Of all the lines below, output only those starting at the one with "u v \<longleftrightarrow>" and ending at the one with "b \<and> (\<forall>i.", both ends included, exactly as written.
━━━━━━━━
(* Let $(\mathbf{c}^*,\mathbf{y}^*,\mathbf{E}^*,\mathbf{z}^* )$ be an optimal solution to $\mathbf{IO}$ with objective value $\mathscr{D}^*$, and let $\mathscr{D}_{opt}$, $j_{opt}$ and $\mathbf{z}_{opt}$ be the results of the algorithm described in the context. Then $\mathscr{D}^*=\mathscr{D}_{opt}$.
   Context: Forward problem $\mathbf{FO}(\mathbf{c})$: maximize $\mathbf{c}'\mathbf{x}$ subject to $\mathbf{A}\mathbf{x}\ge\mathbf{b}$ (relevant constraints, rows $\mathbf{a}_j$, $j\in\{1,\dots,m_1\}$), $\mathbf{W}\mathbf{x}\ge\mathbf{q}$ (trivial constraints); feasible region nonempty, full-dimensional, no redundant constraints. Given observations $\mathbf{x}^k$, $k\in\mathcal{K}=\{1,\dots,K\}$, the multi-observation inverse optimization model $\mathbf{IO}$ is: minimize a distance measure $\mathscr{D}(\mathbf{E},\mathbf{A})\ge0$ over $\mathbf{c},\mathbf{y},\mathbf{E},\mathbf{z}$ subject to $\mathbf{A}\mathbf{z}\ge\mathbf{b}$, $\mathbf{W}\mathbf{z}\ge\mathbf{q}$, $\mathbf{c}'\mathbf{z}=\mathbf{b}'\mathbf{y}$, $\mathbf{z}=\mathbf{x}^k-\epsilon^k$ for all $k$, $\mathbf{A}'\mathbf{y}=\mathbf{c}$, $\|\mathbf{c}\|_L=1$, $\mathbf{y}\ge\mathbf{0}$ ($\mathbf{E}$ has columns $\epsilon^k$). For each $j\in\{1,\dots,m_1\}$ define $\mathbf{BIL}_j$: minimize $\mathscr{D}(\mathbf{E},\mathbf{A})$ subject to $\mathbf{a}_j\mathbf{z}_j=b_j$, $\mathbf{A}\mathbf{z}_j\ge\mathbf{b}$, $\mathbf{W}\mathbf{z}_j\ge\mathbf{q}$, $\mathbf{z}_j=\mathbf{x}^k-\epsilon^k_j$ for all $k$. The algorithm solves $\mathbf{BIL}_j$ for every $j$ and returns $\mathscr{D}_{opt}$ = the smallest of the optimal values $\mathscr{D}^j_{opt}$, $j_{opt}$ = an index attaining it, and $\mathbf{z}_{opt}$ = the corresponding optimal point. *)

theory Defs
  imports "HOL-Analysis.Analysis"
begin

definition vge :: "real^'m \<Rightarrow> real^'m \<Rightarrow> bool" where
  "vge u v \<longleftrightarrow> (\<forall>i. u $ i \<ge> v $ i)"

definition FO_region :: "real^'n^'m \<Rightarrow> real^'m \<Rightarrow> real^'n^'p \<Rightarrow> real^'p \<Rightarrow> (real^'n) set" where
  "FO_region A b W q = {x. vge (A *v x) b \<and> vge (W *v x) q}"

definition no_redundant_constraints ::
  "real^'n^'m \<Rightarrow> real^'m \<Rightarrow> real^'n^'p \<Rightarrow> real^'p \<Rightarrow> bool" where
  "no_redundant_constraints A b W q \<longleftrightarrow>
     (\<forall>j. {x. (\<forall>i. i \<noteq> j \<longrightarrow> (A *v x) $ i \<ge> b $ i) \<and> vge (W *v x) q} \<noteq> FO_region A b W q) \<and>
     (\<forall>l. {x. vge (A *v x) b \<and> (\<forall>i. i \<noteq> l \<longrightarrow> (W *v x) $ i \<ge> q $ i)} \<noteq> FO_region A b W q)"

definition is_norm_fun :: "(real^'n \<Rightarrow> real) \<Rightarrow> bool" where
  "is_norm_fun N \<longleftrightarrow> (\<forall>x. N x \<ge> 0) \<and> (\<forall>x. N x = 0 \<longleftrightarrow> x = 0) \<and>
     (\<forall>a x. N (a *\<^sub>R x) = \<bar>a\<bar> * N x) \<and> (\<forall>x y. N (x + y) \<le> N x + N y)"

text \<open>Feasibility for the inverse problem IO. Observations X k, k ranging over the
  finite type 'k; E has columns \<epsilon>^k = column k E.\<close>
definition IO_feasible ::
  "real^'n^'m \<Rightarrow> real^'m \<Rightarrow> real^'n^'p \<Rightarrow> real^'p \<Rightarrow> (real^'n \<Rightarrow> real) \<Rightarrow> ('k \<Rightarrow> real^'n)
   \<Rightarrow> real^'n \<Rightarrow> real^'m \<Rightarrow> real^'k^'n \<Rightarrow> real^'n \<Rightarrow> bool" where
  "IO_feasible A b W q N X c y E z \<longleftrightarrow>
     vge (A *v z) b \<and> vge (W *v z) q \<and> c \<bullet> z = b \<bullet> y \<and>
     (\<forall>k. z = X k - column k E) \<and> transpose A *v y = c \<and> N c = 1 \<and> vge y 0"

definition IO_optimal ::
  "(real^'k^'n \<Rightarrow> real^'n^'m \<Rightarrow> real) \<Rightarrow>
   real^'n^'m \<Rightarrow> real^'m \<Rightarrow> real^'n^'p \<Rightarrow> real^'p \<Rightarrow> (real^'n \<Rightarrow> real) \<Rightarrow> ('k \<Rightarrow> real^'n)
   \<Rightarrow> real^'n \<Rightarrow> real^'m \<Rightarrow> real^'k^'n \<Rightarrow> real^'n \<Rightarrow> bool" where
  "IO_optimal D A b W q N X c y E z \<longleftrightarrow>
     IO_feasible A b W q N X c y E z \<and>
     (\<forall>c' y' E' z'. IO_feasible A b W q N X c' y' E' z' \<longrightarrow> D E A \<le> D E' A)"

definition BIL_feasible ::
  "real^'n^'m \<Rightarrow> real^'m \<Rightarrow> real^'n^'p \<Rightarrow> real^'p \<Rightarrow> ('k \<Rightarrow> real^'n) \<Rightarrow> 'm
   \<Rightarrow> real^'k^'n \<Rightarrow> real^'n \<Rightarrow> bool" where
  "BIL_feasible A b W q X j E z \<longleftrightarrow>
     (A $ j) \<bullet> z = b $ j \<and> vge (A *v z) b \<and> vge (W *v z) q \<and> (\<forall>k. z = X k - column k E)"

definition BIL_value ::
  "(real^'k^'n \<Rightarrow> real^'n^'m \<Rightarrow> real) \<Rightarrow>
   real^'n^'m \<Rightarrow> real^'m \<Rightarrow> real^'n^'p \<Rightarrow> real^'p \<Rightarrow> ('k \<Rightarrow> real^'n) \<Rightarrow> 'm \<Rightarrow> real" where
  "BIL_value D A b W q X j = Inf {D E A | E z. BIL_feasible A b W q X j E z}"

definition D_opt ::
  "(real^'k^'n \<Rightarrow> real^'n^'m \<Rightarrow> real) \<Rightarrow>
   real^'n^'m \<Rightarrow> real^'m \<Rightarrow> real^'n^'p \<Rightarrow> real^'p \<Rightarrow> ('k \<Rightarrow> real^'n) \<Rightarrow> real" where
  "D_opt D A b W q X = (MIN j. BIL_value D A b W q X j)"

end

theory Submission
  imports Defs
begin

text \<open>A pair (E, z) is feasible for IO exactly when it is feasible for some BIL_j.
  If z is optimal for FO(c) with dual certificate y, then y \<noteq> 0 because c \<noteq> 0, and
  complementary slackness puts z on the face a_j z = b_j of any row with y_j > 0.
  Conversely every point of that face is optimal for c = a_j / \<parallel>a_j\<parallel>.
  So the optimal value of IO is the least of the optimal values of the BIL_j. Without
  redundant constraints every row is nonzero and every face is nonempty, so each of these
  optimal values is an infimum over a nonempty set.\<close>

definition FO_region_without_row ::
  "real^'n^'m \<Rightarrow> real^'m \<Rightarrow> real^'n^'p \<Rightarrow> real^'p \<Rightarrow> 'm \<Rightarrow> (real^'n) set" where
  "FO_region_without_row A b W q j =
     {x. (\<forall>i. i \<noteq> j \<longrightarrow> b $ i \<le> A $ i \<bullet> x) \<and> (\<forall>i. q $ i \<le> W $ i \<bullet> x)}"

lemma FO_region_iff_without_row:
  "x \<in> FO_region A b W q \<longleftrightarrow> x \<in> FO_region_without_row A b W q j \<and> b $ j \<le> A $ j \<bullet> x"
  by (auto simp: FO_region_def FO_region_without_row_def vge_def matrix_vector_mul_component)

lemma convex_FO_region_without_row: "convex (FO_region_without_row A b W q j)"
proof -
  have "FO_region_without_row A b W q j =
        (\<Inter>i\<in>-{j}. {x. b $ i \<le> A $ i \<bullet> x}) \<inter> (\<Inter>i. {x. q $ i \<le> W $ i \<bullet> x})"
    by (auto simp: FO_region_without_row_def)
  then show ?thesis
    by (simp add: convex_Int convex_INT convex_halfspace_ge)
qed

lemma nonredundant_row_violated:
  assumes "no_redundant_constraints A b W q"
  obtains x where "x \<in> FO_region_without_row A b W q j" and "A $ j \<bullet> x < b $ j"
proof -
  have "FO_region_without_row A b W q j \<noteq> FO_region A b W q"
    using assms unfolding no_redundant_constraints_def FO_region_without_row_def
    by (simp add: vge_def matrix_vector_mul_component)
  moreover have "FO_region A b W q \<subseteq> FO_region_without_row A b W q j"
    using FO_region_iff_without_row by blast
  ultimately obtain x where "x \<in> FO_region_without_row A b W q j" "x \<notin> FO_region A b W q"
    by blast
  then show ?thesis
    using FO_region_iff_without_row[of x A b W q j] by (auto intro: that)
qed

lemma nonredundant_row_nonzero:
  assumes "FO_region A b W q \<noteq> {}" and "no_redundant_constraints A b W q"
  shows "A $ j \<noteq> 0"
proof -
  obtain x0 where "x0 \<in> FO_region A b W q" using assms(1) by blast
  then have "b $ j \<le> A $ j \<bullet> x0" using FO_region_iff_without_row by blast
  moreover obtain x where "A $ j \<bullet> x < b $ j"
    using nonredundant_row_violated[OF assms(2)] by blast
  ultimately show ?thesis by auto
qed

text \<open>A feasible point and a point violating only row j both lie in the convex, hence
  connected, region of the other constraints; by the intermediate value theorem that
  region meets the hyperplane of row j.\<close>
lemma nonredundant_face_nonempty:
  assumes "FO_region A b W q \<noteq> {}" and "no_redundant_constraints A b W q"
  obtains z where "z \<in> FO_region A b W q" and "A $ j \<bullet> z = b $ j"
proof -
  let ?R = "FO_region_without_row A b W q j"
  obtain x0 where "x0 \<in> FO_region A b W q" using assms(1) by blast
  then have "x0 \<in> ?R" and "b $ j \<le> A $ j \<bullet> x0" using FO_region_iff_without_row by blast+
  moreover obtain x where "x \<in> ?R" and "A $ j \<bullet> x < b $ j"
    using nonredundant_row_violated[OF assms(2)] by blast
  moreover have "connected ?R"
    by (rule convex_connected[OF convex_FO_region_without_row])
  ultimately obtain z where "z \<in> ?R" and "A $ j \<bullet> z = b $ j"
    using connected_ivt_hyperplane[of ?R x x0 "A $ j" "b $ j"] by auto
  then show ?thesis
    by (intro that) (simp_all add: FO_region_iff_without_row[of z A b W q j])
qed

lemma BIL_feasible_exists:
  assumes "FO_region A b W q \<noteq> {}" and "no_redundant_constraints A b W q"
  shows "\<exists>E z. BIL_feasible A b W q X j E z"
proof -
  obtain z where "z \<in> FO_region A b W q" and "A $ j \<bullet> z = b $ j"
    using nonredundant_face_nonempty[OF assms] .
  then have "BIL_feasible A b W q X j (\<chi> i k. (X k - z) $ i) z"
    by (simp add: BIL_feasible_def FO_region_def column_def vec_eq_iff)
  then show ?thesis by blast
qed

lemma BIL_feasible_imp_IO_feasible:
  assumes "A $ j \<noteq> 0" and norm: "is_norm_fun N"
    and BIL: "BIL_feasible A b W q X j E z"
  shows "\<exists>c y. IO_feasible A b W q N X c y E z"
proof -
  define n where "n = N (A $ j)"
  have n: "n > 0"
    using norm assms(1) unfolding is_norm_fun_def n_def by (metis less_eq_real_def)
  define c where "c = (1 / n) *\<^sub>R A $ j"
  define y where "y = (\<chi> i. if i = j then 1 / n else 0)"
  have "N c = \<bar>1 / n\<bar> * n"
    using norm by (simp add: is_norm_fun_def c_def n_def)
  then have "N c = 1" using n by simp
  moreover have "c \<bullet> z = b \<bullet> y"
    using BIL by (simp add: c_def y_def BIL_feasible_def inner_vec_def if_distrib
        sum_divide_distrib[symmetric] cong: if_cong)
  moreover have "transpose A *v y = c"
    by (simp add: vec_eq_iff matrix_vector_mult_def transpose_def y_def c_def if_distrib cong: if_cong)
  moreover have "vge y 0" using n by (simp add: vge_def y_def)
  ultimately show ?thesis
    using BIL unfolding IO_feasible_def BIL_feasible_def by blast
qed

lemma complementary_slackness:
  fixes y u v :: "real^'m"
  assumes "vge y 0" and "vge u v" and "y \<bullet> u = y \<bullet> v" and "y $ j > 0"
  shows "u $ j = v $ j"
proof -
  have "(\<Sum>i\<in>UNIV. y $ i * (u $ i - v $ i)) = 0"
    using assms(3) by (simp add: inner_vec_def algebra_simps sum_subtractf)
  moreover have "\<And>i. 0 \<le> y $ i * (u $ i - v $ i)"
    using assms(1,2) by (simp add: vge_def)
  ultimately have "y $ j * (u $ j - v $ j) = 0"
    by (simp add: sum_nonneg_eq_0_iff)
  then show ?thesis using assms(4) by simp
qed

lemma IO_feasible_imp_BIL_feasible:
  assumes IO: "IO_feasible A b W q N X c y E z" and norm: "is_norm_fun N"
  obtains j where "BIL_feasible A b W q X j E z"
proof -
  have "c \<noteq> 0"
    using IO norm unfolding IO_feasible_def is_norm_fun_def by (metis zero_neq_one)
  then have "y \<noteq> 0"
    using IO by (auto simp: IO_feasible_def)
  moreover have "vge y 0" using IO by (simp add: IO_feasible_def)
  ultimately obtain j where j: "y $ j > 0"
    by (metis less_eq_real_def vec_eq_iff vge_def zero_index)
  have "y \<bullet> (A *v z) = c \<bullet> z"
    using IO unfolding IO_feasible_def by (metis dot_lmul_matrix transpose_matrix_vector)
  then have "y \<bullet> (A *v z) = y \<bullet> b"
    using IO by (simp add: IO_feasible_def inner_commute)
  then have "(A *v z) $ j = b $ j"
    using complementary_slackness[OF _ _ _ j] IO by (simp add: IO_feasible_def)
  then show ?thesis
    using IO by (intro that[of j]) (simp add: BIL_feasible_def IO_feasible_def matrix_vector_mul_component)
qed

lemma BIL_value_le:
  assumes "\<And>E. D E A \<ge> 0" and "BIL_feasible A b W q X j E z"
  shows "BIL_value D A b W q X j \<le> D E A"
  unfolding BIL_value_def
  using assms by (intro cInf_lower bdd_belowI[of _ 0]) auto

lemma le_BIL_value:
  assumes "\<exists>E z. BIL_feasible A b W q X j E z"
    and "\<And>E z. BIL_feasible A b W q X j E z \<Longrightarrow> d \<le> D E A"
  shows "d \<le> BIL_value D A b W q X j"
  unfolding BIL_value_def
  using assms by (intro cInf_greatest) auto

theorem theorem1:
  fixes A :: "real^'n^'m" and b :: "real^'m"
    and W :: "real^'n^'p" and q :: "real^'p"
    and N :: "real^'n \<Rightarrow> real"
    and X :: "'k::finite \<Rightarrow> real^'n"
    and D :: "real^'k^'n \<Rightarrow> real^'n^'m \<Rightarrow> real"
    and cs :: "real^'n" and ys :: "real^'m" and Es :: "real^'k^'n" and zs :: "real^'n"
  assumes nonempty: "FO_region A b W q \<noteq> {}"
    and fulldim: "interior (FO_region A b W q) \<noteq> {}"
    and nonred: "no_redundant_constraints A b W q"
    and norm: "is_norm_fun N"
    and Dnonneg: "\<And>E. D E A \<ge> 0"
    and opt: "IO_optimal D A b W q N X cs ys Es zs"
  shows "D Es A = D_opt D A b W q X"
proof -
  have lower: "D Es A \<le> BIL_value D A b W q X j" for j
  proof (rule le_BIL_value[OF BIL_feasible_exists[OF nonempty nonred]])
    fix E z assume "BIL_feasible A b W q X j E z"
    then obtain c y where "IO_feasible A b W q N X c y E z"
      using BIL_feasible_imp_IO_feasible[OF nonredundant_row_nonzero[OF nonempty nonred] norm]
      by blast
    then show "D Es A \<le> D E A" using opt unfolding IO_optimal_def by blast
  qed
  obtain j0 where "BIL_feasible A b W q X j0 Es zs"
    using IO_feasible_imp_BIL_feasible opt norm by (metis IO_optimal_def)
  then have "BIL_value D A b W q X j0 \<le> D Es A"
    using BIL_value_le Dnonneg by blast
  then have "D Es A = BIL_value D A b W q X j0"
    using lower by (simp add: antisym)
  then show ?thesis
    unfolding D_opt_def using lower by (intro antisym Min_le Min.boundedI) auto
qed

end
━━━━━━━━
**OUTPUT FOR THIS EXERCISE**
  "vge u v \<longleftrightarrow> (\<forall>i. u $ i \<ge> v $ i)"

definition FO_region :: "real^'n^'m \<Rightarrow> real^'m \<Rightarrow> real^'n^'p \<Rightarrow> real^'p \<Rightarrow> (real^'n) set" where
  "FO_region A b W q = {x. vge (A *v x) b \<and> vge (W *v x) q}"

definition no_redundant_constraints ::
  "real^'n^'m \<Rightarrow> real^'m \<Rightarrow> real^'n^'p \<Rightarrow> real^'p \<Rightarrow> bool" where
  "no_redundant_constraints A b W q \<longleftrightarrow>
     (\<forall>j. {x. (\<forall>i. i \<noteq> j \<longrightarrow> (A *v x) $ i \<ge> b $ i) \<and> vge (W *v x) q} \<noteq> FO_region A b W q) \<and>
     (\<forall>l. {x. vge (A *v x) b \<and> (\<forall>i. i \<noteq> l \<longrightarrow> (W *v x) $ i \<ge> q $ i)} \<noteq> FO_region A b W q)"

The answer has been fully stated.